How to complete this task:
Lines from the start of the data through the line containing "define C where" must be given again exactly. Leave the others out.

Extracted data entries
lemma b_square_diff_le_normX:
  fixes z1 z2 :: "real \<Rightarrow> real^'nz"
  assumes x1: "(y1, dy1, z1) \<in> Xspace t0 tE" "z_nonneg t0 tE z1"
    and x2: "(y2, dy2, z2) \<in> Xspace t0 tE" "z_nonneg t0 tE z2"
  shows "\<bar>(norm (b (\<chi> i. y1 (tp i))))\<^sup>2 - (norm (b (\<chi> i. y2 (tp i))))\<^sup>2\<bar>
    \<le> 2 * Bb * Lb * (real CARD('m) * (1 / sqrt (tE - t0) + 2 * sqrt (tE - t0)))
      * normX t0 tE (\<lambda>t. y1 t - y2 t) (\<lambda>t. dy1 t - dy2 t) (\<lambda>t. z1 t - z2 t)"
proof -
  define C where "C = real CARD('m) * (1 / sqrt (tE - t0) + 2 * sqrt (tE - t0))
    * normX t0 tE (\<lambda>t. y1 t - y2 t) (\<lambda>t. dy1 t - dy2 t) (\<lambda>t. z1 t - z2 t)"
  define Y1 Y2 where "Y1 = (\<chi> i. y1 (tp i))" and "Y2 = (\<chi> i. y2 (tp i))"
  have "H1_pair t0 tE (\<lambda>t. y1 t - y2 t) (\<lambda>t. dy1 t - dy2 t)"
    using x1(1) x2(1) by (intro H1_pair_diff) (simp_all add: Xspace_def)
  then have "norm (\<chi> i. y1 (tp i) - y2 (tp i)) \<le> C"
    unfolding C_def by (rule point_values_norm_le_normX[where tp = tp, OF interval _ points])
  moreover have "Y1 - Y2 = (\<chi> i. y1 (tp i) - y2 (tp i))"
    by (simp add: Y1_def Y2_def vec_eq_iff)
  ultimately have "Lb * norm (Y1 - Y2) \<le> Lb * C"
    using lipschitz_on_nonneg[OF b_lipschitz] by (simp add: mult_left_mono)
  then have b_diff: "norm (b Y1 - b Y2) \<le> Lb * C"
    using lipschitz_onD[OF b_lipschitz, of Y1 Y2] by (simp add: dist_norm)
  have b1: "norm (b Y1) \<le> Bb" and b2: "norm (b Y2) \<le> Bb"
    using b_bounded[OF x1] b_bounded[OF x2] by (simp_all add: Y1_def Y2_def)
  then have "0 \<le> Bb"
    by (meson norm_ge_zero order_trans)
  then show ?thesis
    using abs_norm_square_diff_le[OF b1 b2] mult_left_mono[OF b_diff, of "2 * Bb"]
    by (simp add: Y1_def Y2_def C_def algebra_simps)
qed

Written response:
lemma b_square_diff_le_normX:
  fixes z1 z2 :: "real \<Rightarrow> real^'nz"
  assumes x1: "(y1, dy1, z1) \<in> Xspace t0 tE" "z_nonneg t0 tE z1"
    and x2: "(y2, dy2, z2) \<in> Xspace t0 tE" "z_nonneg t0 tE z2"
  shows "\<bar>(norm (b (\<chi> i. y1 (tp i))))\<^sup>2 - (norm (b (\<chi> i. y2 (tp i))))\<^sup>2\<bar>
    \<le> 2 * Bb * Lb * (real CARD('m) * (1 / sqrt (tE - t0) + 2 * sqrt (tE - t0)))
      * normX t0 tE (\<lambda>t. y1 t - y2 t) (\<lambda>t. dy1 t - dy2 t) (\<lambda>t. z1 t - z2 t)"
proof -
  define C where "C = real CARD('m) * (1 / sqrt (tE - t0) + 2 * sqrt (tE - t0))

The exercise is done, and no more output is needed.